Cracked!

storms in my heart

  • 11th November
    2012
  • 11

Blind

Dear Dearest,
What do we have?
Do we have something?
Or is this all only an illusion…
…cause my blind obsession.

Of you.
I want you for me.
For me and me alone.
I want you by my side.
But why it is all about me?
What about you?
Is there any ‘us’ in your dream? In your heart?

  • 25th August
    2012
  • 25

The Day After

Dear Dearest, You said, ‘wait’. Then I waited. You said, ‘the day after’. And I keep waiting.

Tomorrow is the day after your tomorrow. And I will still waiting.

After all this time? Always… :) (Oh, and Prof Snape got a friend in me).

  • 19th August
    2012
  • 19

That Room and The Space

You might not understand, because you never ask. You might not care, because you don’t even need to.

I’m no mind-reader, but lately the better part of me keep remind me that I’m such a nasty person. I ask for this, this, this… Yet I can’t reach you. I still can’t understand you. Coz you never ask.

Then, the dawn came. Big chance you need that room and those space. Things that I can hardly give. Well, I’m working on that.

I think I will just sit near the pier, enjoying the waves and the birds singing. Best friend forever is what I want, but if the universe only give me a passerby to sit and chat about the weather for a while, then I should have satisfied with that. It’s not that I’m not trying to do my best. Maybe our galaxies just don’t collide.

  • 12th August
    2012
  • 12

Here We Go Again

Another silly conversation that leads to another silly arguments. Why don’t you understand that I just miss you too much and I want you to be more than OK.

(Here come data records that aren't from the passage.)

lemma finite_potent_U_part_nilpotent:
  assumes "finite_potent scale phi"
  obtains N where "\<forall>u \<in> U_part phi. (phi ^^ N) u = 0"
proof -
  obtain n B where B: "finite B" "span B = range (phi ^^ n)"
    using assms unfolding finite_potent_def by blast
  define N where "N = n + card B"
  have "\<forall>u \<in> U_part phi. (phi ^^ N) u = 0"
  proof
    fix u
    assume "u \<in> U_part phi"
    then obtain m where m: "(phi ^^ m) u = 0"
      unfolding U_part_def by blast
    obtain w u' where wu: "u = w + u'" "w \<in> W_part scale phi" "(phi ^^ N) u' = 0"
      using B unfolding N_def by (rule finite_potent_W_part_plus_kernel)
    have "(phi ^^ (m + N)) w = (phi ^^ (m + N)) u - (phi ^^ (m + N)) u'"
      using wu(1) by (simp flip: funpow_diff)
    also have "\<dots> = 0"
      using funpow_eq_0_mono[OF m] funpow_eq_0_mono[OF wu(3)] by simp
    finally have "w = 0"
      using wu(2) W_part_funpow_eq_0 by blast
    with wu show "(phi ^^ N) u = 0"
      by simp
  qed
  then show ?thesis
    by (rule that)
qed

lemma U_part_eq_kernel_fp_index:
  assumes "finite_potent scale phi"
  shows "U_part phi = {v. (phi ^^ fp_index phi) v = 0}"
proof -
  obtain N where "\<forall>u \<in> U_part phi. (phi ^^ N) u = 0"
    using assms by (rule finite_potent_U_part_nilpotent)
  then have "\<forall>u \<in> U_part phi. (phi ^^ fp_index phi) u = 0"
    unfolding fp_index_def by (rule LeastI)
  then show ?thesis
    unfolding U_part_def by blast
qed

lemma range_fp_index_eq_W_part:
  assumes "finite_potent scale phi"
  shows "range (phi ^^ fp_index phi) = W_part scale phi"
proof
  show "W_part scale phi \<subseteq> range (phi ^^ fp_index phi)"
    by (rule W_part_subset_range_funpow)
next
  show "range (phi ^^ fp_index phi) \<subseteq> W_part scale phi"
  proof clarify
    fix v
    obtain n B where B: "finite B" "span B = range (phi ^^ n)"
      using assms unfolding finite_potent_def by blast
    then obtain w u where wu: "v = w + u" "w \<in> W_part scale phi" "(phi ^^ (n + card B)) u = 0"
      by (rule finite_potent_W_part_plus_kernel)
    then have "(phi ^^ fp_index phi) u = 0"
      using U_part_eq_kernel_fp_index[OF assms] unfolding U_part_def by blast
    then have "(phi ^^ fp_index phi) v = (phi ^^ fp_index phi) w"
      using funpow_diff[of _ v u] wu(1) by simp
    then show "(phi ^^ fp_index phi) v \<in> W_part scale phi"
      using funpow_W_part[OF wu(2)] by simp
  qed
qed

end

theorem corollary3p3:
  fixes scale :: "'k::field \<Rightarrow> 'v::ab_group_add \<Rightarrow> 'v"
    and phi psi :: "'v \<Rightarrow> 'v"
  assumes "vector_space scale"
    and "finite_potent scale phi"
    and "G_Drazin_inverse scale phi psi"
  shows "psi ` W_part scale phi \<subseteq> W_part scale phi \<and> psi ` U_part phi \<subseteq> U_part phi"
proof -
  interpret endomorphism scale phi
    using assms(1,2) by (simp add: endomorphism_def endomorphism_axioms_def finite_potent_def)
  define r where "r = fp_index phi"
  interpret psi: Vector_Spaces.linear scale scale psi
    using assms(3) by (simp add: G_Drazin_inverse_def)
  have comm: "psi ((phi ^^ r) v) = (phi ^^ r) (psi v)" for v
    using assms(3) unfolding G_Drazin_inverse_def r_def by (metis comp_apply)
  have "psi ` range (phi ^^ r) \<subseteq> range (phi ^^ r)"
    by (auto simp: comm)
  moreover have "psi ` {v. (phi ^^ r) v = 0} \<subseteq> {v. (phi ^^ r) v = 0}"
    by (auto simp flip: comm)
  ultimately show ?thesis
    using range_fp_index_eq_W_part[OF assms(2)] U_part_eq_kernel_fp_index[OF assms(2)]
    by (simp add: r_def)
qed

end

I guess we keep on dancing on this devil’s circle. I do think the end is near. Oh I won’t say good bye. But I may keep the distance. May you have your peace of mind. See? I even as confuse as a 10 years old. 

  • 11th August
    2012
  • 11

Insecure

Insecurity is killing me. Everytime you’re gone, I wonder who you are with. What you are doing. I don’t want to be the silly little insecure girl. But, oh, this madness won’t stop till we go to the next level, I guess. Does the chance exist for us? Will there be any ‘us’?

  • 24th February
    2012
  • 24

Heart

This is my heart. It’s broken because of you. I need to fix it. And also fix my sanity.

  • 23rd February
    2012
  • 23

Asyem

Ya udah sik. Ngga usah berisik. Keras kepala sik. Dikasi tahu bertepuk sebelah tangan itu pait kok ngga percaya.

Ya udah, rasain aja sendiri.

"Tapi aku sebel banged! Kurang asyem itu orang." Tapi kamunya tetep menye-menye kan? Tetep cintaaaa kan? Yo wis, makan tuh cinta. Kenyang? Enggak? Sokoooor. Makan tuh cinta dan egoismu dan keras kepalamu. Tahan berapa lama?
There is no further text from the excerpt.